A gauche : Très bien !

M. Thiers. Quant à moi, ma situation n’a pas été la même que celle des hommes auxquels je fais ici allusion ; c’est plus anciennement que je me suis séparé du pouvoir, et quand j’entends parler d’intrigue et d’ambition, permettez-moi de m’en étonner, et même de m’en indigner. (Rumeur.) Je pourrais, moi, Messieurs, parler d’une autre espèce d’ambition que celle qui consiste à vouloir gouverner les destinées de son pays ; je pourrais parler de ces ambitions subalternes, avides d’emplois, de grades, de faveurs ; de ces vulgaires ambitions qui tourmentent le pouvoir en ne lui laissant pas un instant de repos, en ne lui permettant pas d’administrer avec indépendance les intérêts du pays. (Très [p.91] bien !) Ces ambitions, je les ai vues quand j’avais l’honneur de diriger les affaires. (Mouvements divers.) J’affirme, pour ma part, que ces ambitions tourmentent le pays plus profondément que ces hautes ambitions dont on s’est plaint ; qu’elles lui font un mal plus grave, car elles l’avilissent quelquefois.

Quant à moi, puisqu’on a tant parlé d’une atmosphère d’intrigues, je ne dirai qu’un seul mot. On prétend que la cause de toute ambition, que la source de tout dissentiment, c’est le dépit, c’est l’humeur de n’être pas au pouvoir. Qu’il me soit permis, Messieurs, de rappeler deux circonstances en termes bien courts.

Ce n’est pas sur les bancs de cette Chambre, ce n’est pas depuis que j’ai été rejeté du pouvoir que j’ai commencé à être opposant, c’est dans les conseils mêmes de la Couronne, et à la suite de cette opposition, je me suis retiré ; quand on a commencé l’opposition sur ce terrain, on peut se mettre au-dessus de ces diatribes que vous venez d’entendre, qui sont aussi vulgaires par la pensée que par l’expression.

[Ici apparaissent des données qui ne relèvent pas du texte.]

lemma poly_mult_exp_neg_square_le:
  fixes u :: real
  assumes "u \<ge> 0"
  shows "(1 + u) ^ k * exp (- u\<^sup>2 / 2) \<le> exp ((real k)\<^sup>2) * exp (- u\<^sup>2 / 4)"
proof -
  have "(1 + u) ^ k * exp (- u\<^sup>2 / 2) \<le> exp (real k * u) * exp (- u\<^sup>2 / 2)"
    unfolding exp_of_nat_mult using assms
    by (intro mult_right_mono power_mono exp_ge_add_one_self) simp_all
  also have "\<dots> \<le> exp ((real k)\<^sup>2 - u\<^sup>2 / 4)"
    unfolding exp_add[symmetric] exp_le_cancel_iff
    using zero_le_power2[of "u / 2 - real k"] by (simp add: power2_eq_square algebra_simps)
  finally show ?thesis
    by (simp add: exp_add[symmetric])
qed

lemma integrable_std_gauss_poly_bounded:
  fixes F :: "real^'n \<Rightarrow> real"
  assumes [measurable]: "F \<in> borel_measurable borel"
    and bound: "\<And>y. \<bar>F y\<bar> \<le> C * (1 + norm y) ^ k"
  shows "integrable std_gauss F"
proof -
  have [measurable]: "std_gauss_pdf \<in> borel_measurable (borel :: (real^'n) measure)"
    unfolding std_gauss_pdf_def by measurable
  define K where "K = (2 * pi) powr (- real CARD('n) / 2)"
  have "K \<ge> 0"
    by (simp add: K_def)
  have "C \<ge> 0"
    using bound[of 0] by simp
  have dominated: "\<bar>std_gauss_pdf y * F y\<bar> \<le> K * C * exp ((real k)\<^sup>2) * exp (- (1/4) * (norm y)\<^sup>2)"
    for y :: "real^'n"
  proof -
    have "\<bar>std_gauss_pdf y * F y\<bar> = K * (\<bar>F y\<bar> * exp (- (norm y)\<^sup>2 / 2))"
      by (simp add: std_gauss_pdf_def K_def abs_mult)
    also have "\<dots> \<le> K * (C * ((1 + norm y) ^ k * exp (- (norm y)\<^sup>2 / 2)))"
      using mult_left_mono[OF mult_right_mono[OF bound[of y] exp_ge_zero] \<open>K \<ge> 0\<close>]
      by (simp only: mult.assoc)
    also have "\<dots> \<le> K * (C * (exp ((real k)\<^sup>2) * exp (- (norm y)\<^sup>2 / 4)))"
      using \<open>C \<ge> 0\<close> \<open>K \<ge> 0\<close> by (intro mult_left_mono poly_mult_exp_neg_square_le norm_ge_zero)
    finally show ?thesis
      by (simp add: mult.assoc)
  qed
  have "integrable lborel (\<lambda>y::real^'n. std_gauss_pdf y * F y)"
  proof (rule Bochner_Integration.integrable_bound)
    show "integrable lborel (\<lambda>y::real^'n. K * C * exp ((real k)\<^sup>2) * exp (- (1/4) * (norm y)\<^sup>2))"
      by (intro integrable_mult_right integrable_exp_neg_mult_norm_square) simp
    show "AE y in lborel. norm (std_gauss_pdf y * F y)
        \<le> norm (K * C * exp ((real k)\<^sup>2) * exp (- (1/4) * (norm y)\<^sup>2))"
      unfolding real_norm_def by (intro AE_I2 order_trans[OF dominated abs_ge_self])
  qed measurable
  moreover have "std_gauss_pdf y \<ge> 0" for y :: "real^'n"
    by (simp add: std_gauss_pdf_def)
  ultimately show ?thesis
    unfolding std_gauss_def by (subst integrable_density) auto
qed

S’il était vrai, comme on l’a dit, que, pour ma part, je blâme ce qui se fait aujourd’hui, parce que je ne le fais pas moi-même, je répondrai que si j’avais cru pouvoir le faire, j’aurais été appelé à le faire, et que je serais le cabinet du 15 avril, si sa politique avait pu me convenir. Je n’ai pas voulu faire partie de ce cabinet quand il s’est formé ; j’ai le droit de critiquer une politique que je trouve mauvaise, mesquine, compromettant le pays, compromettant la sûreté même de la paix que nous avons conquise par tant de sacrifices. Voilà les motifs de mon opposition.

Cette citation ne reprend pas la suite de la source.